*SOURCE DATA:*
lemma correct_mass_le_sqrt_card:
  fixes tr :: "'x::finite \<Rightarrow> 'y::finite \<Rightarrow> 'b" and p :: "'x \<times> 'y \<Rightarrow> real"
    and qx :: "'x \<Rightarrow> real" and qy :: "'y \<Rightarrow> real"
  assumes rect: "\<And>x y x' y'. tr x y = tr x' y' \<Longrightarrow> tr x y' = tr x y"
    and TT: "\<And>x y. tr x y \<in> TT" "finite TT"
    and qx: "\<And>x. 0 \<le> qx x" "sum qx UNIV \<le> 1"
    and qy: "\<And>y. 0 \<le> qy y" "sum qy UNIV \<le> 1"
    and p_le: "\<And>x y. (x, y) \<in> G \<Longrightarrow> p (x, y) \<le> c * (sqrt (qx x) * sqrt (qy y))"
    and c: "0 \<le> c"
  shows "(\<Sum>z\<in>{(x, y). dY y (tr x y) = x \<and> dX x (tr x y) = y} \<inter> G. p z) \<le> c * sqrt (card TT)"
proof -
  define S where "S = {(x, y). dY y (tr x y) = x \<and> dX x (tr x y) = y} \<inter> G"
  define F where "F = (\<lambda>(x, y). sqrt (qx x) * sqrt (qy y))"
  define A where "A t = {x. \<exists>y. tr x y = t}" for t
  define B where "B t = {y. \<exists>x. tr x y = t}" for t
  define M where "M t = {z \<in> S. case_prod tr z = t}" for t
  have fibre: "sum F (M t) \<le> sqrt (sum qx (A t)) * sqrt (sum qy (B t))" for t
  proof -
    \<comment> \<open>Within one transcript each party's input determines the other's, since both decode correctly.\<close>
    have "inj_on fst (M t)"
    proof (rule inj_onI)
      fix z z' assume "z \<in> M t" "z' \<in> M t" "fst z = fst z'"
      then show "z = z'"
        unfolding M_def S_def by (cases z, cases z') simp
    qed
    moreover have "inj_on snd (M t)"
    proof (rule inj_onI)
      fix z z' assume "z \<in> M t" "z' \<in> M t" "snd z = snd z'"
      then show "z = z'"
        unfolding M_def S_def by (cases z, cases z') simp
    qed
    moreover have "fst ` M t \<subseteq> A t" "snd ` M t \<subseteq> B t"
      unfolding M_def A_def B_def by force+
    ultimately show ?thesis
      unfolding F_def by (rule sum_sqrt_mult_le_of_inj_on) (simp_all add: qx qy)
  qed
  have "sum p S \<le> sum (\<lambda>z. c * F z) S"
  proof (rule sum_mono)
    fix z assume "z \<in> S"
    then show "p z \<le> c * F z"
      unfolding S_def F_def by (cases z) (simp add: p_le)
  qed
  also have "\<dots> = c * sum F S"
    by (simp add: sum_distrib_left)
  also have "sum F S = (\<Sum>t\<in>TT. sum F (M t))"
    unfolding M_def by (rule sum.group[symmetric]) (auto simp: TT)
  also have "(\<Sum>t\<in>TT. sum F (M t)) \<le> (\<Sum>t\<in>TT. sqrt 1 * sqrt (sum qx (A t) * sum qy (B t)))"
    using fibre by (simp add: sum_mono real_sqrt_mult)
  also have "\<dots> \<le> sqrt (card TT) * sqrt (\<Sum>t\<in>TT. sum qx (A t) * sum qy (B t))"
    by (rule order_trans[OF sum_sqrt_mult_le]) (simp_all add: qx qy sum_nonneg)
  also have "\<dots> \<le> sqrt (card TT)"
    using sum_fibre_rectangles_le[OF rect TT qx qy] by (simp add: A_def B_def mult_left_le)
  finally show ?thesis
    using c by (simp add: S_def mult_left_mono)
qed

*ACTION ITEM:* Wherever the word "moreover" turns up in the material, copy the whole line.

*YOUR RESPONSE:*
    moreover have "inj_on snd (M t)"
    moreover have "fst ` M t \<subseteq> A t" "snd ` M t \<subseteq> B t"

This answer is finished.